By John K. Waters | 07/21/2016
Oracle Corp.’s latest Critical Patch Update (CPU), issued this week, fixed a record 276 vulnerabilities in a range of the company’s products, including 13 in Java SE, some of which received high-severity scores. The number of fixes in this CPU beat the previous record of 248 announced in January.
More than half of the Java SE vulnerabilities in this CPU are remotely exploitable over a network and received high vulnerability ratings on the Common Vulnerability Scoring Systems (CVSS). Oracle uses the CVSS to rate the ease of exploitation and severity of the security holes it finds in its products. Each vulnerability is issued a unique CVE number.

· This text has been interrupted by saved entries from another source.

(* Let $G$ be an embedded graph and let $\tilde G$ be the embedded graph obtained by subdividing every edge $e$ of $G$ exactly once by a new vertex $\tilde e$, placed on the curve of $e$ between one endpoint of $e$ and the first crossing point of $e$ in that direction (so that the resulting edge from that endpoint to $\tilde e$ is uncrossed); let $D(\tilde G)=\{\tilde e: e\in E(G)\}$. If $(A,X,B)$ is a co-separating triple of $(\Lambda(\tilde G),\tilde G)$ with $X\cap V(\tilde G)\subseteq D(\tilde G)$, then the set $\{e\in E(G):\tilde e\in X\}$ is an edge cut of $G$ (its removal disconnects $G$).
   Context: Graphs may have parallel edges. A drawing of a graph $G$ maps the vertices to distinct points of the plane and each edge to a curve (a homeomorphic image of $[0,1]$) joining the images of its endpoints whose interior contains no vertex. A crossing is a point interior to two distinct edges; no third edge passes through it, and the two edges cross transversally there. An embedded graph is a graph together with such a drawing. Its planarization $H^\times$ is the plane graph obtained by inserting a dummy-vertex at every crossing point; for an edge $e$, $e^\times$ denotes the walk in $H^\times$ from one endpoint of $e$ to the other through the crossing points on $e$ in order, and $V(e^\times)$ its vertex set. $\Lambda(H)$ is obtained from $H^\times$ by inserting inside each face of $H^\times$ a new face-vertex adjacent to all vertices of $H^\times$ on the boundary of that face. A co-separating triple of $(\Lambda(H),H)$ is a partition $(A,X,B)$ of $V(\Lambda(H))$ such that: (C1) each of $A,X,B$ contains at least one vertex of $H$; (C2) no edge of $\Lambda(H)$ has one endpoint in $A$ and the other in $B$; (C3) for every edge $e\in E(H)$, either both endpoints of $e$ lie in $X$, or $V(e^\times)\subseteq A\cup X$, or $V(e^\times)\subseteq B\cup X$. *)

theory Defs
  imports "HOL-Analysis.Analysis"
begin

text \<open>Embedded graphs: vertices are identified with their (distinct) images in the plane
  (= complex numbers); each edge e is drawn as an arc g e from pathstart (g e) to pathfinish (g e).\<close>

definition edge_int :: "(real \<Rightarrow> complex) \<Rightarrow> complex set" where
  "edge_int \<gamma> = \<gamma> ` {0<..<1}"

definition transversal_at :: "(real \<Rightarrow> complex) \<Rightarrow> (real \<Rightarrow> complex) \<Rightarrow> complex \<Rightarrow> bool" where
  "transversal_at \<gamma> \<delta> p \<longleftrightarrow>
     (\<exists>U h k. open U \<and> p \<in> U \<and> homeomorphism U (ball 0 1) h k \<and> h p = 0 \<and>
        h ` (path_image \<gamma> \<inter> U) = ball 0 1 \<inter> {z. Im z = 0} \<and>
        h ` (path_image \<delta> \<inter> U) = ball 0 1 \<inter> {z. Re z = 0})"

definition crossings :: "'e set \<Rightarrow> ('e \<Rightarrow> real \<Rightarrow> complex) \<Rightarrow> complex set" where
  "crossings E g = {p. \<exists>e\<in>E. \<exists>f\<in>E. e \<noteq> f \<and> p \<in> edge_int (g e) \<and> p \<in> edge_int (g f)}"

definition embedded_graph :: "complex set \<Rightarrow> 'e set \<Rightarrow> ('e \<Rightarrow> real \<Rightarrow> complex) \<Rightarrow> bool" where
  "embedded_graph V E g \<longleftrightarrow>
     finite V \<and> finite E \<and>
     (\<forall>e\<in>E. arc (g e) \<and> pathstart (g e) \<in> V \<and> pathfinish (g e) \<in> V \<and> edge_int (g e) \<inter> V = {}) \<and>
     finite (crossings E g) \<and>
     (\<forall>e\<in>E. \<forall>f\<in>E. \<forall>p. e \<noteq> f \<and> p \<in> edge_int (g e) \<and> p \<in> edge_int (g f) \<longrightarrow>
        transversal_at (g e) (g f) p \<and> (\<forall>h\<in>E. p \<in> edge_int (g h) \<longrightarrow> h = e \<or> h = f))"

definition planar_vertices :: "complex set \<Rightarrow> 'e set \<Rightarrow> ('e \<Rightarrow> real \<Rightarrow> complex) \<Rightarrow> complex set" where
  "planar_vertices V E g = V \<union> crossings E g"

definition planar_adj :: "complex set \<Rightarrow> 'e set \<Rightarrow> ('e \<Rightarrow> real \<Rightarrow> complex) \<Rightarrow> complex \<Rightarrow> complex \<Rightarrow> bool" where
  "planar_adj V E g p q \<longleftrightarrow>
     (\<exists>e\<in>E. \<exists>s t. 0 \<le> s \<and> s < t \<and> t \<le> 1 \<and> {p, q} = {g e s, g e t} \<and>
        g e s \<in> planar_vertices V E g \<and> g e t \<in> planar_vertices V E g \<and>
        (\<forall>r. s < r \<and> r < t \<longrightarrow> g e r \<notin> planar_vertices V E g))"

definition drawing :: "'e set \<Rightarrow> ('e \<Rightarrow> real \<Rightarrow> complex) \<Rightarrow> complex set" where
  "drawing E g = (\<Union>e\<in>E. path_image (g e))"

definition faces :: "'e set \<Rightarrow> ('e \<Rightarrow> real \<Rightarrow> complex) \<Rightarrow> complex set set" where
  "faces E g = components (- drawing E g)"

datatype lvert = PtV complex | FaceV "complex set"

definition lam_vertices :: "complex set \<Rightarrow> 'e set \<Rightarrow> ('e \<Rightarrow> real \<Rightarrow> complex) \<Rightarrow> lvert set" where
  "lam_vertices V E g = PtV ` planar_vertices V E g \<union> FaceV ` faces E g"

definition lam_adj :: "complex set \<Rightarrow> 'e set \<Rightarrow> ('e \<Rightarrow> real \<Rightarrow> complex) \<Rightarrow> lvert \<Rightarrow> lvert \<Rightarrow> bool" where
  "lam_adj V E g x y \<longleftrightarrow>
     (\<exists>p q. x = PtV p \<and> y = PtV q \<and> planar_adj V E g p q) \<or>
     (\<exists>F p. F \<in> faces E g \<and> p \<in> planar_vertices V E g \<and> p \<in> frontier F \<and>
        {x, y} = {FaceV F, PtV p})"

definition walk_vertices :: "complex set \<Rightarrow> 'e set \<Rightarrow> ('e \<Rightarrow> real \<Rightarrow> complex) \<Rightarrow> 'e \<Rightarrow> complex set" where
  "walk_vertices V E g e = planar_vertices V E g \<inter> path_image (g e)"

definition co_separating ::
  "complex set \<Rightarrow> 'e set \<Rightarrow> ('e \<Rightarrow> real \<Rightarrow> complex) \<Rightarrow> lvert set \<Rightarrow> lvert set \<Rightarrow> lvert set \<Rightarrow> bool" where
  "co_separating V E g A X B \<longleftrightarrow>
     A \<inter> X = {} \<and> A \<inter> B = {} \<and> X \<inter> B = {} \<and> A \<union> X \<union> B = lam_vertices V E g \<and>
     A \<inter> PtV ` V \<noteq> {} \<and> X \<inter> PtV ` V \<noteq> {} \<and> B \<inter> PtV ` V \<noteq> {} \<and>
     (\<forall>x y. lam_adj V E g x y \<longrightarrow> \<not> (x \<in> A \<and> y \<in> B) \<and> \<not> (x \<in> B \<and> y \<in> A)) \<and>
     (\<forall>e\<in>E. (PtV (pathstart (g e)) \<in> X \<and> PtV (pathfinish (g e)) \<in> X) \<or>
             PtV ` walk_vertices V E g e \<subseteq> A \<union> X \<or>
             PtV ` walk_vertices V E g e \<subseteq> B \<union> X)"

definition valid_subdivision :: "'e set \<Rightarrow> ('e \<Rightarrow> real \<Rightarrow> complex) \<Rightarrow> ('e \<Rightarrow> real) \<Rightarrow> bool" where
  "valid_subdivision E g t \<longleftrightarrow>
     (\<forall>e\<in>E. 0 < t e \<and> t e < 1 \<and>
        (g e ` {0..t e} \<inter> crossings E g = {} \<or> g e ` {t e..1} \<inter> crossings E g = {}))"

definition sub_vertices :: "complex set \<Rightarrow> 'e set \<Rightarrow> ('e \<Rightarrow> real \<Rightarrow> complex) \<Rightarrow> ('e \<Rightarrow> real) \<Rightarrow> complex set" where
  "sub_vertices V E g t = V \<union> (\<lambda>e. g e (t e)) ` E"

definition sub_edges :: "'e set \<Rightarrow> ('e \<times> bool) set" where
  "sub_edges E = E \<times> UNIV"

definition sub_curves :: "('e \<Rightarrow> real \<Rightarrow> complex) \<Rightarrow> ('e \<Rightarrow> real) \<Rightarrow> 'e \<times> bool \<Rightarrow> real \<Rightarrow> complex" where
  "sub_curves g t = (\<lambda>(e, b). if b then subpath 0 (t e) (g e) else subpath (t e) 1 (g e))"

definition edge_cut :: "complex set \<Rightarrow> 'e set \<Rightarrow> ('e \<Rightarrow> real \<Rightarrow> complex) \<Rightarrow> 'e set \<Rightarrow> bool" where
  "edge_cut V E g F \<longleftrightarrow> F \<subseteq> E \<and>
     (\<exists>u\<in>V. \<exists>v\<in>V. \<not> (\<lambda>x y. \<exists>e\<in>E - F. {x, y} = {pathstart (g e), pathfinish (g e)})\<^sup>*\<^sup>* u v)"

end

theory Submission
  imports Defs
begin

text \<open>A vertex of \<open>G\<close> is never a subdivision vertex, since subdivision vertices lie in the
  interior of edges. Hence no vertex of \<open>G\<close> is in \<open>X\<close>, and an edge \<open>e\<close> whose subdivision
  vertex avoids \<open>X\<close> has both halves with no endpoint in \<open>X\<close>; by (C3) each half, and so the
  whole of \<open>e\<close>, lies on a single side \<open>A\<close> or \<open>B\<close>. So the edges outside the proposed cut
  never join \<open>A\<close> to \<open>B\<close>, while by (C1) both sides contain a vertex of \<open>G\<close>.\<close>

lemma co_separating_edge_side:
  assumes sep: "co_separating V E g A X B" and e: "e \<in> E"
    and ends: "pathstart (g e) \<in> V" "pathfinish (g e) \<in> V"
    and not_X: "PtV (pathstart (g e)) \<notin> X" "PtV (pathfinish (g e)) \<notin> X"
  shows "PtV (pathstart (g e)) \<in> A \<and> PtV (pathfinish (g e)) \<in> A \<or>
         PtV (pathstart (g e)) \<in> B \<and> PtV (pathfinish (g e)) \<in> B"
proof -
  have "pathstart (g e) \<in> walk_vertices V E g e" "pathfinish (g e) \<in> walk_vertices V E g e"
    using ends unfolding walk_vertices_def planar_vertices_def by auto
  moreover have "PtV ` walk_vertices V E g e \<subseteq> A \<union> X \<or> PtV ` walk_vertices V E g e \<subseteq> B \<union> X"
    using sep e not_X unfolding co_separating_def by blast
  ultimately show ?thesis
    using not_X by blast
qed

locale co_separated_subdivision =
  fixes V :: "complex set" and E :: "'e set" and g :: "'e \<Rightarrow> real \<Rightarrow> complex"
    and t :: "'e \<Rightarrow> real" and A X B :: "lvert set"
  assumes embedded: "embedded_graph V E g"
    and subdivision: "valid_subdivision E g t"
    and co_sep: "co_separating (sub_vertices V E g t) (sub_edges E) (sub_curves g t) A X B"
    and X_subdivision_vertices: "X \<inter> PtV ` sub_vertices V E g t \<subseteq> PtV ` ((\<lambda>e. g e (t e)) ` E)"
begin

abbreviation subdivision_vertex :: "'e \<Rightarrow> complex" where
  "subdivision_vertex e \<equiv> g e (t e)"

lemma sides_disjoint: "A \<inter> B = {}" "A \<inter> X = {}" "B \<inter> X = {}"
  using co_sep unfolding co_separating_def by auto

lemma sides_meet_vertices:
  "A \<inter> PtV ` sub_vertices V E g t \<noteq> {}" "B \<inter> PtV ` sub_vertices V E g t \<noteq> {}"
  using co_sep unfolding co_separating_def by auto

lemma edge_meets_V_only_at_ends:
  assumes "e \<in> E"
  shows "pathstart (g e) \<in> V" "pathfinish (g e) \<in> V" "edge_int (g e) \<inter> V = {}"
  using embedded assms by (simp_all add: embedded_graph_def)

lemma vertex_not_in_X:
  assumes "v \<in> V" shows "PtV v \<notin> X"
proof
  assume "PtV v \<in> X"
  with assms X_subdivision_vertices obtain e where e: "e \<in> E" "v = subdivision_vertex e"
    unfolding sub_vertices_def by blast
  then have "v \<in> edge_int (g e)"
    using subdivision unfolding valid_subdivision_def edge_int_def by auto
  with edge_meets_V_only_at_ends(3)[OF e(1)] assms show False
    by blast
qed

lemma uncut_edge_side:
  assumes e: "e \<in> E" and mid: "PtV (subdivision_vertex e) \<notin> X"
  shows "PtV (pathstart (g e)) \<in> A \<and> PtV (pathfinish (g e)) \<in> A \<and> PtV (subdivision_vertex e) \<in> A \<or>
         PtV (pathstart (g e)) \<in> B \<and> PtV (pathfinish (g e)) \<in> B \<and> PtV (subdivision_vertex e) \<in> B"
proof -
  have ends: "pathstart (g e) \<in> sub_vertices V E g t" "pathfinish (g e) \<in> sub_vertices V E g t"
    "subdivision_vertex e \<in> sub_vertices V E g t"
    using edge_meets_V_only_at_ends(1,2)[OF e] e unfolding sub_vertices_def by auto
  have halves: "(e, b) \<in> sub_edges E" for b
    using e unfolding sub_edges_def by simp
  have half_ends:
    "pathstart (sub_curves g t (e, True)) = pathstart (g e)"
    "pathfinish (sub_curves g t (e, True)) = subdivision_vertex e"
    "pathstart (sub_curves g t (e, False)) = subdivision_vertex e"
    "pathfinish (sub_curves g t (e, False)) = pathfinish (g e)"
    by (simp_all add: sub_curves_def subpath_def pathstart_def pathfinish_def)
  have ends_not_X: "PtV (pathstart (g e)) \<notin> X" "PtV (pathfinish (g e)) \<notin> X"
    using edge_meets_V_only_at_ends(1,2)[OF e] vertex_not_in_X by auto
  have "PtV (pathstart (g e)) \<in> A \<and> PtV (subdivision_vertex e) \<in> A \<or>
        PtV (pathstart (g e)) \<in> B \<and> PtV (subdivision_vertex e) \<in> B"
    using co_separating_edge_side[OF co_sep halves[of True], unfolded half_ends] ends ends_not_X mid
    by blast
  moreover have "PtV (subdivision_vertex e) \<in> A \<and> PtV (pathfinish (g e)) \<in> A \<or>
        PtV (subdivision_vertex e) \<in> B \<and> PtV (pathfinish (g e)) \<in> B"
    using co_separating_edge_side[OF co_sep halves[of False], unfolded half_ends] ends ends_not_X mid
    by blast
  ultimately show ?thesis
    using sides_disjoint(1) by blast
qed

lemma side_contains_vertex:
  assumes S: "S = A \<or> S = B"
  shows "\<exists>v\<in>V. PtV v \<in> S"
proof -
  obtain w where w: "w \<in> sub_vertices V E g t" "PtV w \<in> S"
    using S sides_meet_vertices by blast
  show ?thesis
  proof (cases "w \<in> V")
    case False
    then obtain e where e: "e \<in> E" "w = subdivision_vertex e"
      using w(1) unfolding sub_vertices_def by auto
    have "PtV w \<notin> X"
      using S w(2) sides_disjoint by blast
    with e have "PtV (pathstart (g e)) \<in> S"
      using uncut_edge_side[OF e(1)] w(2) S sides_disjoint(1) by auto
    then show ?thesis
      using edge_meets_V_only_at_ends(1)[OF e(1)] by blast
  qed (use w in blast)
qed

lemma uncut_reachable_stays_in_A:
  assumes "(\<lambda>x y. \<exists>e\<in>E - {e \<in> E. PtV (subdivision_vertex e) \<in> X}.
             {x, y} = {pathstart (g e), pathfinish (g e)})\<^sup>*\<^sup>* u v"
    and "PtV u \<in> A"
  shows "PtV v \<in> A"
  using assms
proof (induction rule: rtranclp_induct)
  case (step y z)
  then obtain e where "e \<in> E" "PtV (subdivision_vertex e) \<notin> X"
    "{y, z} = {pathstart (g e), pathfinish (g e)}"
    by auto
  then show ?case
    using uncut_edge_side step.IH step.prems sides_disjoint by (auto simp: doubleton_eq_iff)
qed

theorem subdivision_cut_is_edge_cut: "edge_cut V E g {e \<in> E. PtV (subdivision_vertex e) \<in> X}"
proof -
  obtain u where "u \<in> V" "PtV u \<in> A"
    using side_contains_vertex by blast
  moreover obtain v where "v \<in> V" "PtV v \<in> B"
    using side_contains_vertex by blast
  ultimately show ?thesis
    unfolding edge_cut_def using uncut_reachable_stays_in_A sides_disjoint(1) by blast
qed

end

theorem mainTheorem6:
  fixes V :: "complex set" and E :: "'e set" and g :: "'e \<Rightarrow> real \<Rightarrow> complex"
    and t :: "'e \<Rightarrow> real" and A X B :: "lvert set"
  assumes "embedded_graph V E g"
    and "valid_subdivision E g t"
    and "co_separating (sub_vertices V E g t) (sub_edges E) (sub_curves g t) A X B"
    and "X \<inter> PtV ` sub_vertices V E g t \<subseteq> PtV ` ((\<lambda>e. g e (t e)) ` E)"
  shows "edge_cut V E g {e \<in> E. PtV (g e (t e)) \<in> X}"
proof -
  interpret co_separated_subdivision V E g t A X B
    using assms by unfold_locales
  show ?thesis
    by (rule subdivision_cut_is_edge_cut)
qed

end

Two of the Java vulnerabilities (CVE-2016-3587 and CVE-2016-3606) earned a CVSS score of 9.6 (the highest is 10.0), and both allow remote attackers to affect confidentiality, integrity, and availability via vectors related to Hotspot VM. John Matthew Holt, founder and CTO of Dublin-based Java security vendor Waratek, pointed out that these vulnerabilities relate to Java features introduced in versions Java SE 7 and above, which support the “invokedynamic” feature that enables dynamic code execution and scripting. Holt also noted that the less severe CVE-2016-3550 (CVSS score of 4.3) also applies to the HotSpot JVM internals for Java SE versions 6, 7, and 8. He advised owners of Java SE 6 applications to prioritize patching with this CPU, because this fix applies to the core HotSpot JVM software.